═══ THE INPUT ═══
(* Let $X$ be a Minkowski space whose closed unit ball has a proper face that is not a polytope. Then there exists an infinite M-set in $X$.
   Context: A Minkowski space is a finite-dimensional real normed space $(X,\|\cdot\|)$. For a set $S\subseteq X$, its midpoint set is $M(S)=\{\tfrac12(x+y): x,y\in S,\ x\neq y\}$. A set $S\subseteq X$ is an M-set if every vector in $M(S)$ has norm exactly $1$ and every vector in $S$ has norm strictly greater than $1$. *)

theory Defs
  imports "HOL-Analysis.Analysis"
begin

definition minkowski_space :: "'a::real_normed_vector itself \<Rightarrow> bool" where
  "minkowski_space _ \<longleftrightarrow> (\<exists>B::'a set. finite B \<and> span B = UNIV)"

definition midpoint_set :: "'a::real_normed_vector set \<Rightarrow> 'a set" where
  "midpoint_set S = {(1/2) *\<^sub>R (x + y) | x y. x \<in> S \<and> y \<in> S \<and> x \<noteq> y}"

definition M_set :: "'a::real_normed_vector set \<Rightarrow> bool" where
  "M_set S \<longleftrightarrow> (\<forall>m \<in> midpoint_set S. norm m = 1) \<and> (\<forall>x \<in> S. norm x > 1)"

end

theory Submission
  imports Defs
begin

text \<open>
  We build an
  injective sequence \<open>X\<close> outside the unit ball whose pairwise midpoints all lie in \<open>F\<close>,
  hence on the unit sphere; its range is an infinite M-set.

  Finite dimensionality then enters through coordinates with respect to a basis (locale
  \<open>finite_basis\<close>): coordinates are bounded, closed bounded sets are compact, the coordinate
  inner product yields extreme points and separation, hence a compact convex set with finitely
  many extreme points is a polytope, and every nonempty convex set has a relative ball.

  For the theorem, a relative ball makes \<open>F\<close> closed, hence compact, so its infinitely many
  extreme points accumulate at some \<open>e \<in> F\<close>.  Reflecting \<open>e\<close> through nearby extreme points
  gives points \<open>x \<notin> F\<close> arbitrarily close to \<open>e\<close> whose midpoint with \<open>e\<close> carries a relative
  ball in \<open>F\<close>; choosing them with rapidly shrinking distances to \<open>e\<close> puts every pairwise
  midpoint into one of these balls.
\<close>

lemma linear_argmax_face_of:
  fixes f :: "'a::real_vector \<Rightarrow> real"
  assumes f: "linear f" and "convex F" and "m \<in> F" and max: "\<And>y. y \<in> F \<Longrightarrow> f y \<le> f m"
  shows "{y \<in> F. f y = f m} face_of F"
proof -
  have comb: "f ((1 - u) *\<^sub>R a + u *\<^sub>R c) = (1 - u) * f a + u * f c" for u a c
    using linear_add[OF f] linear_scale[OF f] by simp
  have "{y \<in> F. f y = f m} = F \<inter> f -` {f m}" by auto
  then have "convex {y \<in> F. f y = f m}"
    using convex_Int[OF assms(2) convex_linear_vimage[OF f convex_singleton]] by simp
  moreover have "a \<in> F \<and> f a = f m"
    if ac: "a \<in> F" "c \<in> F" and x: "x \<in> open_segment a c" "f x = f m" for a c x
  proof -
    obtain u where u: "0 < u" "u < 1" and xu: "x = (1 - u) *\<^sub>R a + u *\<^sub>R c"
      using x(1) by (auto simp: in_segment)
    have "(1 - u) * f a + u * f c = f m" using comb[of u a c] xu x(2) by simp
    moreover have "f m = (1 - u) * f m + u * f m" by (simp add: algebra_simps)
    moreover have "(1 - u) * f a \<le> (1 - u) * f m" "u * f c \<le> u * f m"
      using max ac u by simp_all
    ultimately have "(1 - u) * f a = (1 - u) * f m" by linarith
    then show ?thesis using u ac(1) by simp
  qed
  ultimately show ?thesis
    unfolding face_of_def using open_segment_commute by blast
qed

lemma convex_translate_sum_mem:
  fixes F :: "'a::real_vector set"
  assumes "convex F" and "v0 \<in> F" and "finite U" and U: "\<And>u. u \<in> U \<Longrightarrow> v0 + u \<in> F"
    and t: "\<And>u. u \<in> U \<Longrightarrow> 0 \<le> t u" "sum t U \<le> 1"
  shows "v0 + (\<Sum>u\<in>U. t u *\<^sub>R u) \<in> F"
proof (cases "sum t U = 0")
  case True
  then have "\<forall>u\<in>U. t u = 0" using sum_nonneg_eq_0_iff[OF assms(3)] t(1) by blast
  then show ?thesis using assms(2) by simp
next
  case False
  define s where "s = sum t U"
  have "0 \<le> s" unfolding s_def using t(1) by (simp add: sum_nonneg)
  then have s: "0 < s" "s \<le> 1" using False t(2) unfolding s_def by linarith+
  have "(\<Sum>u\<in>U. (t u / s) *\<^sub>R (v0 + u)) \<in> F"
    using s t U by (intro convex_sum[OF assms(3,1)]) (auto simp: s_def sum_divide_distrib[symmetric])
  moreover have "(\<Sum>u\<in>U. (t u / s) *\<^sub>R (v0 + u)) = v0 + (1 / s) *\<^sub>R (\<Sum>u\<in>U. t u *\<^sub>R u)"
    using s unfolding scaleR_add_right sum.distrib
    by (simp add: scaleR_sum_left[symmetric] scaleR_sum_right sum_divide_distrib[symmetric] s_def)
  ultimately have "(1 - s) *\<^sub>R v0 + s *\<^sub>R (v0 + (1 / s) *\<^sub>R (\<Sum>u\<in>U. t u *\<^sub>R u)) \<in> F"
    using convexD_alt[OF assms(1,2)] s by simp
  then show ?thesis using s by (simp add: algebra_simps)
qed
═══
* [YOUR ASSIGNMENT]: Write the entire listing out again, word for word.

* [RESPONSE TO THE TASK]:
(* Let $X$ be a Minkowski space whose closed unit ball has a proper face that is not a polytope. Then there exists an infinite M-set in $X$.
   Context: A Minkowski space is a finite-dimensional real normed space $(X,\|\cdot\|)$. For a set $S\subseteq X$, its midpoint set is $M(S)=\{\tfrac12(x+y): x,y\in S,\ x\neq y\}$. A set $S\subseteq X$ is an M-set if every vector in $M(S)$ has norm exactly $1$ and every vector in $S$ has norm strictly greater than $1$. *)

theory Defs
  imports "HOL-Analysis.Analysis"
begin

definition minkowski_space :: "'a::real_normed_vector itself \<Rightarrow> bool" where
  "minkowski_space _ \<longleftrightarrow> (\<exists>B::'a set. finite B \<and> span B = UNIV)"

definition midpoint_set :: "'a::real_normed_vector set \<Rightarrow> 'a set" where
  "midpoint_set S = {(1/2) *\<^sub>R (x + y) | x y. x \<in> S \<and> y \<in> S \<and> x \<noteq> y}"

definition M_set :: "'a::real_normed_vector set \<Rightarrow> bool" where
  "M_set S \<longleftrightarrow> (\<forall>m \<in> midpoint_set S. norm m = 1) \<and> (\<forall>x \<in> S. norm x > 1)"

end

theory Submission
  imports Defs
begin

text \<open>
  We build an
  injective sequence \<open>X\<close> outside the unit ball whose pairwise midpoints all lie in \<open>F\<close>,
  hence on the unit sphere; its range is an infinite M-set.

  Finite dimensionality then enters through coordinates with respect to a basis (locale
  \<open>finite_basis\<close>): coordinates are bounded, closed bounded sets are compact, the coordinate
  inner product yields extreme points and separation, hence a compact convex set with finitely
  many extreme points is a polytope, and every nonempty convex set has a relative ball.

  For the theorem, a relative ball makes \<open>F\<close> closed, hence compact, so its infinitely many
  extreme points accumulate at some \<open>e \<in> F\<close>.  Reflecting \<open>e\<close> through nearby extreme points
  gives points \<open>x \<notin> F\<close> arbitrarily close to \<open>e\<close> whose midpoint with \<open>e\<close> carries a relative
  ball in \<open>F\<close>; choosing them with rapidly shrinking distances to \<open>e\<close> puts every pairwise
  midpoint into one of these balls.
\<close>

lemma linear_argmax_face_of:
  fixes f :: "'a::real_vector \<Rightarrow> real"
  assumes f: "linear f" and "convex F" and "m \<in> F" and max: "\<And>y. y \<in> F \<Longrightarrow> f y \<le> f m"
  shows "{y \<in> F. f y = f m} face_of F"
proof -
  have comb: "f ((1 - u) *\<^sub>R a + u *\<^sub>R c) = (1 - u) * f a + u * f c" for u a c
    using linear_add[OF f] linear_scale[OF f] by simp
  have "{y \<in> F. f y = f m} = F \<inter> f -` {f m}" by auto
  then have "convex {y \<in> F. f y = f m}"
    using convex_Int[OF assms(2) convex_linear_vimage[OF f convex_singleton]] by simp
  moreover have "a \<in> F \<and> f a = f m"
    if ac: "a \<in> F" "c \<in> F" and x: "x \<in> open_segment a c" "f x = f m" for a c x
  proof -
    obtain u where u: "0 < u" "u < 1" and xu: "x = (1 - u) *\<^sub>R a + u *\<^sub>R c"
      using x(1) by (auto simp: in_segment)
    have "(1 - u) * f a + u * f c = f m" using comb[of u a c] xu x(2) by simp
    moreover have "f m = (1 - u) * f m + u * f m" by (simp add: algebra_simps)
    moreover have "(1 - u) * f a \<le> (1 - u) * f m" "u * f c \<le> u * f m"
      using max ac u by simp_all
    ultimately have "(1 - u) * f a = (1 - u) * f m" by linarith
    then show ?thesis using u ac(1) by simp
  qed
  ultimately show ?thesis
    unfolding face_of_def using open_segment_commute by blast
qed

lemma convex_translate_sum_mem:
  fixes F :: "'a::real_vector set"
  assumes "convex F" and "v0 \<in> F" and "finite U" and U: "\<And>u. u \<in> U \<Longrightarrow> v0 + u \<in> F"
    and t: "\<And>u. u \<in> U \<Longrightarrow> 0 \<le> t u" "sum t U \<le> 1"
  shows "v0 + (\<Sum>u\<in>U. t u *\<^sub>R u) \<in> F"
proof (cases "sum t U = 0")
  case True
  then have "\<forall>u\<in>U. t u = 0" using sum_nonneg_eq_0_iff[OF assms(3)] t(1) by blast
  then show ?thesis using assms(2) by simp
next
  case False
  define s where "s = sum t U"
  have "0 \<le> s" unfolding s_def using t(1) by (simp add: sum_nonneg)
  then have s: "0 < s" "s \<le> 1" using False t(2) unfolding s_def by linarith+
  have "(\<Sum>u\<in>U. (t u / s) *\<^sub>R (v0 + u)) \<in> F"
    using s t U by (intro convex_sum[OF assms(3,1)]) (auto simp: s_def sum_divide_distrib[symmetric])
  moreover have "(\<Sum>u\<in>U. (t u / s) *\<^sub>R (v0 + u)) = v0 + (1 / s) *\<^sub>R (\<Sum>u\<in>U. t u *\<^sub>R u)"
    using s unfolding scaleR_add_right sum.distrib
    by (simp add: scaleR_sum_left[symmetric] scaleR_sum_right sum_divide_distrib[symmetric] s_def)
  ultimately have "(1 - s) *\<^sub>R v0 + s *\<^sub>R (v0 + (1 / s) *\<^sub>R (\<Sum>u\<in>U. t u *\<^sub>R u)) \<in> F"
    using convexD_alt[OF assms(1,2)] s by simp
  then show ?thesis using s by (simp add: algebra_simps)
qed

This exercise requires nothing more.